BEGIN SOURCE RECORDS
(* Let $q\ge1$, $L\ge2$, $m=q\frac{L-1}{L}$, and $f\in C^1(\mathbb{R}^n,\mathbb{R})$. Let $w_{1,t},\dots,w_{L,t}\in\mathbb{R}^n$ solve the $L_p$ steepest flow with decoupled weight decay of unit strength $$dw_{i,t}=-\operatorname{sign}(\nabla_{w_i}F(w_t))\odot|\nabla_{w_i}F(w_t)|^{q-1}dt-w_{i,t}\,dt,\qquad F(w)=f\left(\textstyle\prod_iw_i\right),$$ from a balanced initialization ($|w_{i,0}|^q=|w_{j,0}|^q$ for all $i,j$). Let $R$ be separable with $\nabla^2_xR(x)=\operatorname{diag}\left(\frac{1}{L|x_i|^m}\right)$. Then $x_t=\prod_iw_{i,t}$ satisfies $$d\nabla_xR(x_t)=-\operatorname{sign}(\nabla_xf(x_t))\odot|\nabla_xf(x_t)|^{q-1}dt-\nabla_xM_{\mathrm{reg}}(x_t)\,dt,$$ where the on-manifold regularizer $M_{\mathrm{reg}}$ is (up to an additive constant): (a) if $m\neq2$, $M_{\mathrm{reg}}(x)=\frac{L}{L(2-q)+q}\sum_{i\in[n]}|x_i|^{2-q\frac{L-1}{L}}$; (b) if $m=2$, $M_{\mathrm{reg}}(x)=\sum_{i\in[n]}\log(|x_i|)$.
   Context: All operations are entrywise, $q$ is dual to $p$ ($1/p+1/q=1$). For a separable regularizer $h(x)=\sum_ih_i(x_i)$ and a separable mirror map $R$, the on-manifold regularizer is $M_{\mathrm{reg}}(x)=\sum_{i\in[n]}\int^{x_i}\partial_i^2R_i(s)\,\partial_ih_i(s)\,ds$; decoupled weight decay on the $w_i$ corresponds in $x$ to $\partial_ih_i(x_i)=Lx_i$. *)

theory Defs
  imports "HOL-Analysis.Analysis"
begin

definition sgnpow :: "real \<Rightarrow> real ^ 'n \<Rightarrow> real ^ 'n" where
  "sgnpow q v = (\<chi> k. sgn (v $ k) * \<bar>v $ k\<bar> powr (q - 1))"

definition prodw :: "nat \<Rightarrow> (nat \<Rightarrow> real ^ 'n) \<Rightarrow> real ^ 'n" where
  "prodw L w = (\<chi> k. \<Prod>i<L. w i $ k)"

definition mexp :: "nat \<Rightarrow> real \<Rightarrow> real" where
  "mexp L q = q * (real L - 1) / real L"

text \<open>On-manifold regularizer M_reg (fixed representative; additive constants are irrelevant
  since only its gradient enters).\<close>
definition Mreg :: "nat \<Rightarrow> real \<Rightarrow> real ^ 'n \<Rightarrow> real" where
  "Mreg L q x =
     (if mexp L q \<noteq> 2
      then real L / (real L * (2 - q) + q) * (\<Sum>i\<in>UNIV. \<bar>x $ i\<bar> powr (2 - q * (real L - 1) / real L))
      else (\<Sum>i\<in>UNIV. ln \<bar>x $ i\<bar>))"

end

theory Submission
  imports Defs
begin

text \<open>
  Fix a coordinate k and write u_i for the k-th entry of w_i, a for the k-th entry of grad f(x) and
  P_i = prod_{j ~= i} u_j, so that x_k = u_i P_i. The gradient of F with respect to u_i is P_i a,
  hence u_i' = -sgn(P_i a) |P_i a|^(q-1) - u_i, and every h_i = |u_i|^q obeys
  h_i' = -q sgn(x_k a) |x_k a|^(q-1) - q h_i with a forcing term that does not depend on i.
  So balance |u_i|^q = |u_j|^q persists along the flow (for q = 1, where |.| is not differentiable
  at 0, a Darboux argument takes over). Under balance |P_i|^q = |x_k|^m, so the product rule gives
  x_k' = -L (sgn(a) |a|^(q-1) |x_k|^m + x_k); dividing by L |x_k|^m, the Hessian of R, yields the
  mirror-flow equation, and x_k / |x_k|^m is the k-th entry of grad M_reg.
\<close>

definition sgn_powr :: "real \<Rightarrow> real \<Rightarrow> real" where
  "sgn_powr q y = sgn y * \<bar>y\<bar> powr (q - 1)"

lemma sgn_powr_1 [simp]: "sgn_powr 1 y = sgn y"
  by (cases "y = 0") (auto simp: sgn_powr_def)

lemma sgn_powr_0 [simp]: "sgn_powr q 0 = 0"
  by (simp add: sgn_powr_def)

lemma sgn_powr_mult: "sgn_powr q (x * y) = sgn_powr q x * sgn_powr q y"
  by (simp add: sgn_powr_def sgn_mult abs_mult powr_mult)

lemma sgn_powr_mult_self: "sgn_powr q y * y = \<bar>y\<bar> powr q"
proof (cases "y = 0")
  case False
  then show ?thesis
    by (cases "y > 0") (auto simp: sgn_powr_def powr_diff sgn_real_def)
qed simp

lemma sgnpow_nth [simp]: "sgnpow q v $ k = sgn_powr q (v $ k)"
  by (simp add: sgnpow_def sgn_powr_def)

definition cofactor :: "nat \<Rightarrow> (nat \<Rightarrow> 'a::comm_monoid_mult) \<Rightarrow> nat \<Rightarrow> 'a" where
  "cofactor L u i = (\<Prod>j\<in>{..<L} - {i}. u j)"

lemma prod_lessThan_eq_mult_cofactor: "i < L \<Longrightarrow> (\<Prod>j<L. u j) = u i * cofactor L u i"
  by (simp add: cofactor_def prod.remove[of "{..<L}" i])

lemma cofactor_cong: "(\<And>j. j < L \<Longrightarrow> j \<noteq> i \<Longrightarrow> u j = v j) \<Longrightarrow> cofactor L u i = cofactor L v i"
  by (auto simp: cofactor_def intro!: prod.cong)

lemma cofactor_eq_0_iff:
  fixes u :: "nat \<Rightarrow> 'a::idom"
  shows "cofactor L u i = 0 \<longleftrightarrow> (\<exists>j<L. j \<noteq> i \<and> u j = 0)"
  by (auto simp: cofactor_def prod_zero_iff)

lemma prodw_nth [simp]: "prodw L w $ k = (\<Prod>i<L. w i $ k)"
  by (simp add: prodw_def)

lemma has_real_derivative_prod_cofactor:
  assumes "\<And>i. i < L \<Longrightarrow> (u i has_real_derivative u' i) (at t within S)"
  shows "((\<lambda>s. \<Prod>i<L. u i s) has_real_derivative (\<Sum>i<L. u' i * cofactor L (\<lambda>j. u j t) i))
    (at t within S)"
proof -
  have "((\<lambda>s. \<Prod>i<L. u i s) has_derivative (\<lambda>h. \<Sum>i<L. u' i * h * cofactor L (\<lambda>j. u j t) i))
      (at t within S)"
    using has_derivative_prod[of "{..<L}" u "\<lambda>i. (*) (u' i)"] assms
    by (simp add: has_field_derivative_def cofactor_def)
  then show ?thesis
    unfolding has_field_derivative_def
    by (rule has_derivative_eq_rhs)
      (simp add: fun_eq_iff sum_distrib_left sum_distrib_right mult_ac)
qed

text \<open>This is where the exponent m = q (L - 1) / L comes from.\<close>
lemma abs_cofactor_powr_balanced:
  fixes u :: "nat \<Rightarrow> real"
  assumes i: "i < L" and nz: "\<And>j. j < L \<Longrightarrow> u j \<noteq> 0"
    and bal: "\<And>j. j < L \<Longrightarrow> \<bar>u j\<bar> powr q = \<bar>u i\<bar> powr q"
  shows "\<bar>cofactor L u i\<bar> powr q = \<bar>\<Prod>j<L. u j\<bar> powr mexp L q"
proof -
  define \<beta> where "\<beta> = \<bar>u i\<bar> powr q"
  have "\<beta> > 0" using nz[OF i] by (simp add: \<beta>_def)
  have "\<bar>cofactor L u i\<bar> powr q = (\<Prod>j\<in>{..<L} - {i}. \<beta>)"
    unfolding cofactor_def abs_prod prod_powr_distrib \<beta>_def using bal by (intro prod.cong) auto
  also have "\<dots> = \<beta> powr (real L - 1)"
    using i \<open>\<beta> > 0\<close> by (simp add: of_nat_diff flip: powr_realpow)
  also have "\<dots> = (\<beta> powr real L) powr ((real L - 1) / real L)"
    using i by (simp add: powr_powr)
  also have "\<beta> powr real L = \<bar>\<Prod>j<L. u j\<bar> powr q"
    unfolding abs_prod prod_powr_distrib \<beta>_def using bal \<open>\<beta> > 0\<close>
    by (simp add: powr_realpow \<beta>_def)
  finally show ?thesis
    by (simp add: mexp_def powr_powr)
qed

lemma has_real_derivative_abs: "y \<noteq> 0 \<Longrightarrow> (abs has_real_derivative sgn y) (at y)"
  using GDERIV_norm[of y] by simp

lemma has_real_derivative_abs_powr:
  fixes y q :: real
  assumes "y \<noteq> 0 \<or> q > 1"
  shows "((\<lambda>z. \<bar>z\<bar> powr q) has_real_derivative q * sgn_powr q y) (at y)"
proof (cases "y = 0")
  case False
  then show ?thesis
    using DERIV_fun_powr[OF has_real_derivative_abs[OF False], of q]
    by (simp add: sgn_powr_def mult_ac)
next
  case True
  with assms have "q > 1" by simp
  have "((\<lambda>z. \<bar>z\<bar> powr (q - 1)) \<longlongrightarrow> 0) (at (0::real))"
    by (rule tendsto_zero_powrI) (auto intro!: tendsto_eq_intros simp: \<open>q > 1\<close>)
  then have "((\<lambda>z. (\<bar>z\<bar> powr q - \<bar>0\<bar> powr q) / (z - 0)) \<longlongrightarrow> 0) (at (0::real))"
  proof (rule Lim_null_comparison[rotated])
    have "norm ((\<bar>z\<bar> powr q - \<bar>0\<bar> powr q) / (z - 0)) = \<bar>z\<bar> powr (q - 1)" if "z \<noteq> 0" for z :: real
      using that by (simp add: powr_diff abs_mult)
    then show "\<forall>\<^sub>F z in at 0. norm ((\<bar>z\<bar> powr q - \<bar>0\<bar> powr q) / (z - 0)) \<le> \<bar>z\<bar> powr (q - 1)"
      by (auto intro: eventually_mono[OF eventually_neq_at_within[of 0 0 UNIV]])
  qed
  then show ?thesis
    using True by (simp add: has_field_derivative_iff)
qed

lemma has_real_derivative_ln_abs: "y \<noteq> 0 \<Longrightarrow> ((\<lambda>z. ln \<bar>z\<bar>) has_real_derivative 1 / y) (at y)"
  using DERIV_chain2[OF DERIV_ln has_real_derivative_abs, of y]
  by (cases "y > 0") (auto simp: divide_inverse sgn_real_def)

lemma has_real_derivative_abs_powr_div:
  fixes y e :: real
  assumes "y \<noteq> 0" "e \<noteq> 0"
  shows "((\<lambda>z. \<bar>z\<bar> powr e / e) has_real_derivative y / \<bar>y\<bar> powr (2 - e)) (at y)"
proof -
  have "e * sgn_powr e y / e = y / \<bar>y\<bar> powr (2 - e)"
    using assms
    by (cases "y > 0") (auto simp: sgn_powr_def powr_diff sgn_real_def field_simps power2_eq_square)
  then show ?thesis
    using DERIV_cdivide[OF has_real_derivative_abs_powr, of y e e] assms by simp
qed
lemma pullback_along_injection:
  fixes f :: "'b \<Rightarrow> 'c" and X :: "'b topology"
  assumes inj: "inj f"
  defines "X' \<equiv> pullback_topology (f ` topspace X) (inv f) X"
  shows "topspace X' = f ` topspace X" and "continuous_map X X' f"
    and "continuous_map X' X (inv f)" and "X homeomorphic_space X'"
proof -
  have inv_f: "inv f (f x) = x" for x
    using inj by simp
  show top: "topspace X' = f ` topspace X"
    unfolding X'_def topspace_pullback_topology using inv_f by auto
  have "inv f \<circ> f = id"
    using inj by simp
  then show cont_f: "continuous_map X X' f"
    unfolding X'_def by (intro continuous_map_pullback') auto
  have "continuous_map X' X (id \<circ> inv f)"
    unfolding X'_def by (rule continuous_map_pullback) simp
  then show cont_inv: "continuous_map X' X (inv f)"
    by simp
  have "homeomorphic_maps X X' f (inv f)"
    unfolding homeomorphic_maps_def using cont_f cont_inv inv_f top by auto
  then show "X homeomorphic_space X'"
    unfolding homeomorphic_space_def by blast
qed

text \<open>This is needed
  because the statement fixes the type \<open>(int \<Rightarrow> int) set set\<close> of the test spaces.\<close>
lemma G_space_transfer:
  fixes f :: "'b \<Rightarrow> 'c"
  assumes GS: "G_space G X act" and inj: "inj f"
  defines "X' \<equiv> pullback_topology (f ` topspace X) (inv f) X"
  shows "G_space G X' (\<lambda>g y. f (act g (inv f y)))" and "topspace X' = f ` topspace X"
proof -
  have inv_f: "inv f (f x) = x" for x
    using inj by simp
  show top: "topspace X' = f ` topspace X"
    unfolding X'_def by (rule pullback_along_injection(1)[OF inj])
  have cont_f: "continuous_map X X' f"
    unfolding X'_def by (rule pullback_along_injection(2)[OF inj])
  have cont_inv: "continuous_map X' X (inv f)"
    unfolding X'_def by (rule pullback_along_injection(3)[OF inj])
  have homeo: "X homeomorphic_space X'"
    unfolding X'_def by (rule pullback_along_injection(4)[OF inj])
  have "continuous_map (prod_topology (top_of_set G) X') (prod_topology (top_of_set G) X)
      (\<lambda>p. (fst p, inv f (snd p)))"
    by (intro continuous_map_pairedI continuous_map_fst
        continuous_map_compose[OF continuous_map_snd cont_inv, unfolded o_def])
  then have "continuous_map (prod_topology (top_of_set G) X') X'
      (f \<circ> ((\<lambda>(g, x). act g x) \<circ> (\<lambda>p. (fst p, inv f (snd p)))))"
    by (intro continuous_map_compose[OF continuous_map_compose[OF _ G_space_continuous[OF GS]] cont_f])
  moreover have "f \<circ> ((\<lambda>(g, x). act g x) \<circ> (\<lambda>p. (fst p, inv f (snd p)))) =
      (\<lambda>(g, y). f (act g (inv f y)))"
    by (auto simp: fun_eq_iff)
  ultimately have cont:
    "continuous_map (prod_topology (top_of_set G) X') X' (\<lambda>(g, y). f (act g (inv f y)))"
    by simp
  have "compact_space X" "Hausdorff_space X" "topspace X \<noteq> {}"
    using GS unfolding G_space_def by blast+
  then have space: "compact_space X'" "Hausdorff_space X'" "topspace X' \<noteq> {}"
    using homeomorphic_compact_space[OF homeo] homeomorphic_Hausdorff_space[OF homeo] top
    by simp_all
  show "G_space G X' (\<lambda>g y. f (act g (inv f y)))"
    unfolding G_space_def
  proof (intro conjI ballI cont space)
    fix y assume "y \<in> topspace X'"
    then obtain x where x: "x \<in> topspace X" "y = f x"
      using top by auto
    then show "f (act id (inv f y)) = y"
      using G_space_act_id[OF GS] inv_f by simp
    fix g h assume "g \<in> G" "h \<in> G"
    then show "f (act (g \<circ> h) (inv f y)) = f (act g (inv f (f (act h (inv f y)))))"
      using x G_space_act_comp[OF GS] inv_f by simp
  qed
qed

definition encode_relation :: "(int \<Rightarrow> int \<Rightarrow> bool) \<Rightarrow> (int \<Rightarrow> int) set set" where
  "encode_relation R = {{f} | f. R (f 0) (f 1)}"

lemma inj_encode_relation: "inj encode_relation"
proof (rule injI)
  fix R R' :: "int \<Rightarrow> int \<Rightarrow> bool"
  assume eq: "encode_relation R = encode_relation R'"
  have mem: "{p} \<in> encode_relation Q \<longleftrightarrow> Q (p 0) (p 1)" for Q p
    unfolding encode_relation_def by auto
  have "R a b = R' a b" for a b
    using mem[of "\<lambda>n. if n = 0 then a else b" R] mem[of "\<lambda>n. if n = 0 then a else b" R'] eq
    by simp
  then show "R = R'"
    by (intro ext)
qed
END SOURCE RECORDS
• _WORK TASK_
The lines above starting at the one that contains "X' (\<lambda>(g, y)." and ending at the one that contains "fix g h assume" must be transcribed exactly, and no other lines may appear.

• _SOLUTION TO THIS TASK_
    "continuous_map (prod_topology (top_of_set G) X') X' (\<lambda>(g, y). f (act g (inv f y)))"
    by simp
  have "compact_space X" "Hausdorff_space X" "topspace X \<noteq> {}"
    using GS unfolding G_space_def by blast+
  then have space: "compact_space X'" "Hausdorff_space X'" "topspace X' \<noteq> {}"
    using homeomorphic_compact_space[OF homeo] homeomorphic_Hausdorff_space[OF homeo] top
    by simp_all
  show "G_space G X' (\<lambda>g y. f (act g (inv f y)))"
    unfolding G_space_def
  proof (intro conjI ballI cont space)
    fix y assume "y \<in> topspace X'"
    then obtain x where x: "x \<in> topspace X" "y = f x"
      using top by auto
    then show "f (act id (inv f y)) = y"
      using G_space_act_id[OF GS] inv_f by simp
    fix g h assume "g \<in> G" "h \<in> G"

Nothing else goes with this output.